The U.S. military is repositioning its forces near North Africa as the United States and its allies impose sanctions on Libya and consider whether to impose a no-fly zone over the country, where a resistance army is building against dictator Muammar al-Qaddafi. 

Fox News has learned that the aircraft carrier USS Enterprise -- which was previously positioned off the coast of Somalia, where it was stationed to respond to a pirate hijacking -- has turned around and moved to the mouth of the Suez Canal in the Red Sea, heading in the direction of Libya -- with 15 detained pirates on board. 

Pentagon spokesman Col. Dave Lapan said the military is "repositioning" forces to be ready to assist in Libya. Most likely, U.S. forces would be asked to provide humanitarian relief, though no decision has been made and the State Department has not yet made a request to the military, Lapan said. 
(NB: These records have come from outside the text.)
(* Let $\mathcal{B}$ be a real uniform Banach space and $\Omega:\mathcal{B}\to\mathbb{R}$ admissible. Let $m\in\mathbb{N}$ and data $(x_i,y_i)_{i=1}^m\subset\mathcal{B}\times\mathbb{R}$ be such that the constraints $[f,x_i]=y_i$ ($i=1,\dots,m$) can be satisfied. Let $f_0\in\mathcal{B}$ be such that $f_0^*=\sum_{i=1}^m c_ix_i^*$ for some $c_1,\dots,c_m\in\mathbb{R}$. Then $f_0$ is a solution of the regularised interpolation problem $\min\{\Omega(f): f\in\mathcal{B},\ [f,x_i]=y_i\ \forall i\}$ if and only if $f_0$ is a solution of the minimal norm interpolation problem $\min\{\|f\|: f\in\mathcal{B},\ [f,x_i]=y_i\ \forall i\}$.
   Context: A real Banach space $\mathcal{B}$ is called uniform if it is uniformly convex and uniformly smooth (equivalently, its norm is uniformly Fréchet differentiable). On such a space there is a unique semi-inner product inducing the norm, i.e. a unique map $[\cdot,\cdot]:\mathcal{B}\times\mathcal{B}\to\mathbb{R}$ that is linear in the first argument, satisfies $[x,x]=\|x\|^2$, $|[x,y]|^2\le[x,x][y,y]$ and $[x,\lambda y]=\lambda[x,y]$ for $\lambda\in\mathbb{R}$; it is given by $[y,x]=\|x\|\lim_{t\to0}\frac{\|x+ty\|-\|x\|}{t}$ for $x\neq0$ (and $[y,0]=0$). The duality map $x\mapsto x^*$, $x^*(y)=[y,x]$, is a (nonlinear in general, but positively and negatively homogeneous) isometric bijection $\mathcal{B}\to\mathcal{B}^*$. Given $m\in\mathbb{N}$ and data $(x_i,y_i)\in\mathcal{B}\times\mathbb{R}$, $i=1,\dots,m$, the regularised interpolation problem is $\min\{\Omega(f): f\in\mathcal{B},\ [f,x_i]=y_i\ \forall i=1,\dots,m\}$. A function $\Omega:\mathcal{B}\to\mathbb{R}$ is called admissible if for every $m\in\mathbb{N}$ and every data $(x_i,y_i)_{i=1}^m\subset\mathcal{B}\times\mathbb{R}$ for which the constraints $[f,x_i]=y_i$ can be satisfied, the regularised interpolation problem has a minimiser $f_0$ whose dual element satisfies $f_0^*=\sum_{i=1}^m c_i x_i^*$ for some $c_i\in\mathbb{R}$. *)

theory Defs
  imports "HOL-Analysis.Analysis"
begin

definition uniformly_convex :: "'a::real_normed_vector itself \<Rightarrow> bool" where
  "uniformly_convex _ \<longleftrightarrow>
     (\<forall>\<epsilon>>0. \<exists>\<delta>>0. \<forall>x y::'a. norm x \<le> 1 \<and> norm y \<le> 1 \<and> norm (x - y) \<ge> \<epsilon>
        \<longrightarrow> norm ((1/2) *\<^sub>R (x + y)) \<le> 1 - \<delta>)"

definition modulus_of_smoothness :: "'a::real_normed_vector itself \<Rightarrow> real \<Rightarrow> real" where
  "modulus_of_smoothness _ \<tau> =
     (SUP p \<in> {(x, y::'a). norm x = 1 \<and> norm y = \<tau>}.
        (norm (fst p + snd p) + norm (fst p - snd p)) / 2 - 1)"

definition uniformly_smooth :: "'a::real_normed_vector itself \<Rightarrow> bool" where
  "uniformly_smooth T \<longleftrightarrow>
     ((\<lambda>\<tau>. modulus_of_smoothness T \<tau> / \<tau>) \<longlongrightarrow> 0) (at_right 0)"

definition uniform_space :: "'a::banach itself \<Rightarrow> bool" where
  "uniform_space T \<longleftrightarrow> uniformly_convex T \<and> uniformly_smooth T"

definition sip :: "'a::real_normed_vector \<Rightarrow> 'a \<Rightarrow> real" where
  "sip y x = (if x = 0 then 0
              else norm x * Lim (at (0::real)) (\<lambda>t. (norm (x + t *\<^sub>R y) - norm x) / t))"

text \<open>Constraints [f, x_i] = y_i for i < m (data indexed 0..m-1).\<close>
definition interpolates :: "nat \<Rightarrow> (nat \<Rightarrow> 'a::real_normed_vector) \<Rightarrow> (nat \<Rightarrow> real) \<Rightarrow> 'a \<Rightarrow> bool" where
  "interpolates m xs ys f \<longleftrightarrow> (\<forall>i<m. sip f (xs i) = ys i)"

definition is_interp_min :: "('a::real_normed_vector \<Rightarrow> real) \<Rightarrow> nat \<Rightarrow> (nat \<Rightarrow> 'a) \<Rightarrow> (nat \<Rightarrow> real) \<Rightarrow> 'a \<Rightarrow> bool" where
  "is_interp_min \<Omega> m xs ys f0 \<longleftrightarrow>
     interpolates m xs ys f0 \<and> (\<forall>f. interpolates m xs ys f \<longrightarrow> \<Omega> f0 \<le> \<Omega> f)"

text \<open>f0^* = sum_i c_i x_i^*, as functionals y \<mapsto> [y, .].\<close>
definition dual_in_span :: "nat \<Rightarrow> (nat \<Rightarrow> 'a::real_normed_vector) \<Rightarrow> 'a \<Rightarrow> bool" where
  "dual_in_span m xs f0 \<longleftrightarrow>
     (\<exists>c::nat \<Rightarrow> real. \<forall>y. sip y f0 = (\<Sum>i<m. c i * sip y (xs i)))"

definition admissible :: "('a::real_normed_vector \<Rightarrow> real) \<Rightarrow> bool" where
  "admissible \<Omega> \<longleftrightarrow>
     (\<forall>m xs ys. m \<ge> 1 \<and> (\<exists>f. interpolates m xs ys f) \<longrightarrow>
        (\<exists>f0. is_interp_min \<Omega> m xs ys f0 \<and> dual_in_span m xs f0))"

end

theory Submission
  imports Defs
begin

text \<open>
  Convexity of the norm gives \<open>|[y, x]| \<le> \<parallel>y\<parallel> \<parallel>x\<parallel>\<close>
  and \<open>[y, x] \<le> \<parallel>x\<parallel> (\<parallel>x + y\<parallel> - \<parallel>x\<parallel>)\<close>.
  If \<open>f\<^sub>0\<^sup>* = \<Sum> c\<^sub>i x\<^sub>i\<^sup>*\<close>, then \<open>[f, f\<^sub>0] = \<Sum> c\<^sub>i y\<^sub>i\<close> is the same for all interpolants \<open>f\<close>, in
  particular equal to \<open>[f\<^sub>0, f\<^sub>0] = \<parallel>f\<^sub>0\<parallel>\<^sup>2\<close>; hence \<open>\<parallel>f\<^sub>0\<parallel>\<^sup>2 \<le> \<parallel>f\<parallel> \<parallel>f\<^sub>0\<parallel>\<close> and \<open>f\<^sub>0\<close> has minimal norm.
  Applied to the minimiser \<open>f\<^sub>1\<close> of \<open>\<Omega>\<close> provided by admissibility, the second inequality gives
  \<open>\<parallel>f\<^sub>0 + f\<^sub>1\<parallel> = 2 \<parallel>f\<^sub>0\<parallel> = 2 \<parallel>f\<^sub>1\<parallel>\<close> whenever \<open>f\<^sub>0\<close> also has minimal norm, and uniform convexity forces
  \<open>f\<^sub>0 = f\<^sub>1\<close>.
\<close>

definition norm_diffquot :: "'a::real_normed_vector \<Rightarrow> 'a \<Rightarrow> real \<Rightarrow> real" where
  "norm_diffquot x y t = (norm (x + t *\<^sub>R y) - norm x) / t"

lemma sip_eq_Lim_norm_diffquot:
  "sip y x = (if x = 0 then 0 else norm x * Lim (at 0) (norm_diffquot x y))"
  by (simp add: sip_def norm_diffquot_def[abs_def])

lemma abs_norm_diffquot_le: "\<bar>norm_diffquot x y t\<bar> \<le> norm y"
proof (cases "t = 0")
  case True
  then show ?thesis by (simp add: norm_diffquot_def)
next
  case False
  have "\<bar>norm (x + t *\<^sub>R y) - norm x\<bar> \<le> norm (x + t *\<^sub>R y - x)"
    by (rule norm_triangle_ineq3)
  also have "\<dots> = \<bar>t\<bar> * norm y" by simp
  finally show ?thesis
    using False unfolding norm_diffquot_def by (simp add: abs_divide divide_le_eq mult.commute)
qed

lemma norm_diffquot_left_le_right:
  fixes x y :: "'a::real_normed_vector"
  assumes r: "r > 0" and s: "s > 0"
  shows "norm_diffquot x y (-r) \<le> norm_diffquot x y s"
proof -
  have "(r + s) *\<^sub>R x = r *\<^sub>R (x + s *\<^sub>R y) + s *\<^sub>R (x - r *\<^sub>R y)"
    by (simp add: algebra_simps)
  then have "norm ((r + s) *\<^sub>R x) \<le> r * norm (x + s *\<^sub>R y) + s * norm (x - r *\<^sub>R y)"
    using r s norm_triangle_ineq[of "r *\<^sub>R (x + s *\<^sub>R y)" "s *\<^sub>R (x - r *\<^sub>R y)"] by simp
  then have "(r + s) * norm x \<le> r * norm (x + s *\<^sub>R y) + s * norm (x - r *\<^sub>R y)"
    using r s by simp
  then show ?thesis
    unfolding norm_diffquot_def using r s by (simp add: field_simps)
qed

lemma norm_diffquot_le_norm_add_diff:
  assumes "0 < s" "s \<le> 1"
  shows "norm_diffquot x y s \<le> norm (x + y) - norm x"
proof -
  have "x + s *\<^sub>R y = (1 - s) *\<^sub>R x + s *\<^sub>R (x + y)"
    by (simp add: algebra_simps)
  then have "norm (x + s *\<^sub>R y) \<le> (1 - s) * norm x + s * norm (x + y)"
    using assms norm_triangle_ineq[of "(1 - s) *\<^sub>R x" "s *\<^sub>R (x + y)"] by simp
  then have "norm (x + s *\<^sub>R y) - norm x \<le> s * (norm (x + y) - norm x)"
    by (simp add: algebra_simps)
  then show ?thesis
    unfolding norm_diffquot_def using assms by (simp add: divide_le_eq mult.commute)
qed

lemma modulus_of_smoothness_ge:
  fixes u w :: "'a::real_normed_vector"
  assumes "norm u = 1" "norm w = \<tau>"
  shows "(norm (u + w) + norm (u - w)) / 2 - 1 \<le> modulus_of_smoothness TYPE('a) \<tau>"
  unfolding modulus_of_smoothness_def
proof (rule cSUP_upper2[where x="(u, w)"])
  show "bdd_above ((\<lambda>p. (norm (fst p + snd p) + norm (fst p - snd p)) / 2 - 1) `
          {(x, y::'a). norm x = 1 \<and> norm y = \<tau>})"
  proof (rule bdd_aboveI2[where M=\<tau>])
    fix p :: "'a \<times> 'a"
    assume "p \<in> {(x, y). norm x = 1 \<and> norm y = \<tau>}"
    then obtain a b where "p = (a, b)" "norm a = 1" "norm b = \<tau>" by auto
    then show "(norm (fst p + snd p) + norm (fst p - snd p)) / 2 - 1 \<le> \<tau>"
      using norm_triangle_ineq[of a b] norm_triangle_ineq4[of a b] by (simp add: field_simps)
  qed
qed (use assms in auto)

lemma norm_diffquot_gap_le_modulus:
  fixes x y :: "'a::real_normed_vector"
  assumes x: "x \<noteq> 0" and r: "r > 0"
  shows "norm_diffquot x y r - norm_diffquot x y (-r)
           \<le> 2 * norm x * modulus_of_smoothness TYPE('a) (r * norm y / norm x) / r"
proof -
  define n where "n = norm x"
  define u where "u = (1 / n) *\<^sub>R x"
  define w where "w = (r / n) *\<^sub>R y"
  have n: "n > 0" using x by (simp add: n_def)
  have sum: "x + r *\<^sub>R y = n *\<^sub>R (u + w)" and diff: "x - r *\<^sub>R y = n *\<^sub>R (u - w)"
    using n by (simp_all add: u_def w_def algebra_simps)
  have "norm u = 1" "norm w = r * norm y / n"
    using n r by (simp_all add: u_def w_def n_def)
  then have "(norm (u + w) + norm (u - w)) / 2 - 1
               \<le> modulus_of_smoothness TYPE('a) (r * norm y / norm x)"
    using modulus_of_smoothness_ge[of u w] by (simp add: n_def)
  then have modulus: "norm (u + w) + norm (u - w) - 2
                        \<le> 2 * modulus_of_smoothness TYPE('a) (r * norm y / norm x)"
    by (simp add: field_simps)
  have "norm_diffquot x y r - norm_diffquot x y (-r)
          = (norm (x + r *\<^sub>R y) + norm (x - r *\<^sub>R y) - 2 * n) / r"
    unfolding norm_diffquot_def n_def using r by (simp add: field_simps)
  also have "\<dots> = n * (norm (u + w) + norm (u - w) - 2) / r"
    unfolding sum diff norm_scaleR using n by (simp add: algebra_simps)
  also have "\<dots> \<le> n * (2 * modulus_of_smoothness TYPE('a) (r * norm y / norm x)) / r"
    using modulus n r by (intro divide_right_mono mult_left_mono) auto
  finally show ?thesis by (simp add: n_def mult.assoc mult.left_commute)
qed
Lapan added that no decision has been made regarding a no-fly zone as international pressure builds for Qaddafi to step down and end the violence in his country. A no-fly zone would require NATO support. 

A senior Obama administration official downplayed an article Monday in The New York Times that detailed behind-the-scenes talks among U.S., European and NATO officials about the possibility of flight restrictions over Libya. But the official acknowledged the scenario was being discussed. 

"This is no different than what's been said repeatedly at briefings. It's an idea that is on the table and under consideration," the official said. 

Secretary of State Hillary Clinton was in Geneva Monday to press European allies to take action against Libya. After the Obama administration announced unilateral sanctions against Libya Friday, the U.N. Security Council approved its own sanctions Saturday followed by the European Union on Monday.

Clinton said as far as allied action is concerned, "nothing is off the table so long as the Libyan government continues to threaten and kill Libyan citizens." 

One European Union official reportedly said negotiations were being conducted over the possibility of a no-fly zone. 

That was a scenario strongly backed by Sen. John McCain, R-Ariz., on Sunday. The former Republican presidential nominee, speaking on NBC's "Meet the Press," said he was not ready to endorse sending ground forces in but that flight restrictions would send a "very strong signal." He suggested the action could have saved lives if imposed earlier. 

"They would have stopped flying if that had been imposed. They're using air power and helicopters to continue these massacres," McCain said. 

Sen. Joe Lieberman, I-Conn., who is frequently aligned with McCain, also said "the world has to do more." 

"I begin with the imposition of a no-fly zone so that Qaddafi can't be attacking his own people from the air or flying in more mercenaries," he said on CNN's "State of the Union," adding that the United States should recognize the opposition "provisional government" as the official government of Libya. 

"We ... ought to give that government certainly humanitarian assistance and military arms, not to go in on the ground ourselves but to give them the wherewithal to fight on behalf of the people of Libya against a really cruel dictator," he said. 

Obama plans to meet Monday with U.N. Secretary-General Ban Ki-moon. 

The Times reported that no decision had been reached with regard to a no-fly zone, though it was under discussion. One official told the newspaper the U.N. Security Council would need to debate the issue further and is unlikely to act unless state-sponsored violence in Libya increases significantly.